lemma distr_PiM_comp_permutes:
  assumes "prob_space M" and "\<pi> permutes I"
  shows "distr (PiM I (\<lambda>_. M)) (PiM I (\<lambda>_. M)) (\<lambda>D. D \<circ> \<pi>) = PiM I (\<lambda>_. M)"
proof -
  have "distr (PiM I (\<lambda>_. M)) (PiM I (\<lambda>_. M)) (\<lambda>D. D \<circ> \<pi>)
      = distr (PiM I (\<lambda>_. M)) (PiM I (\<lambda>_. M)) (\<lambda>D. \<lambda>i\<in>I. D (\<pi> i))"
    by (rule distr_cong) (simp_all add: comp_permutes_eq_restrict[OF assms(2)])
  also have "\<dots> = PiM I (\<lambda>_. M)"
    using distr_PiM_reindex[of I "\<lambda>_. M" \<pi> I] assms
    by (simp add: permutes_inj_on permutes_in_image Pi_iff)
  finally show ?thesis .
qed

lemma distr_PiM_restrict_comp:
  assumes "finite I" and "prob_space M" and "prob_space N"
    and "g \<in> measurable M N" and "distr M N g = N"
  shows "distr (PiM I (\<lambda>_. M)) (PiM I (\<lambda>_. N)) (\<lambda>x. \<lambda>i\<in>I. g (x i)) = PiM I (\<lambda>_. N)"
proof -
  have "compose I g = (\<lambda>x. \<lambda>i\<in>I. g (x i))"
    by (rule ext) (simp add: compose_def)
  with distr_PiM_finite_prob_space'[of I "\<lambda>_. M" "\<lambda>_. N" g] assms show ?thesis
    by simp
qed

*-*-*

Exercise requirements :: The lines from the beginning of the records through the line containing "using distr_PiM_reindex[of I" should be reproduced exactly. Include nothing else.

Solution to this problem ::
lemma distr_PiM_comp_permutes:
  assumes "prob_space M" and "\<pi> permutes I"
  shows "distr (PiM I (\<lambda>_. M)) (PiM I (\<lambda>_. M)) (\<lambda>D. D \<circ> \<pi>) = PiM I (\<lambda>_. M)"
proof -
  have "distr (PiM I (\<lambda>_. M)) (PiM I (\<lambda>_. M)) (\<lambda>D. D \<circ> \<pi>)
      = distr (PiM I (\<lambda>_. M)) (PiM I (\<lambda>_. M)) (\<lambda>D. \<lambda>i\<in>I. D (\<pi> i))"
    by (rule distr_cong) (simp_all add: comp_permutes_eq_restrict[OF assms(2)])
  also have "\<dots> = PiM I (\<lambda>_. M)"
    using distr_PiM_reindex[of I "\<lambda>_. M" \<pi> I] assms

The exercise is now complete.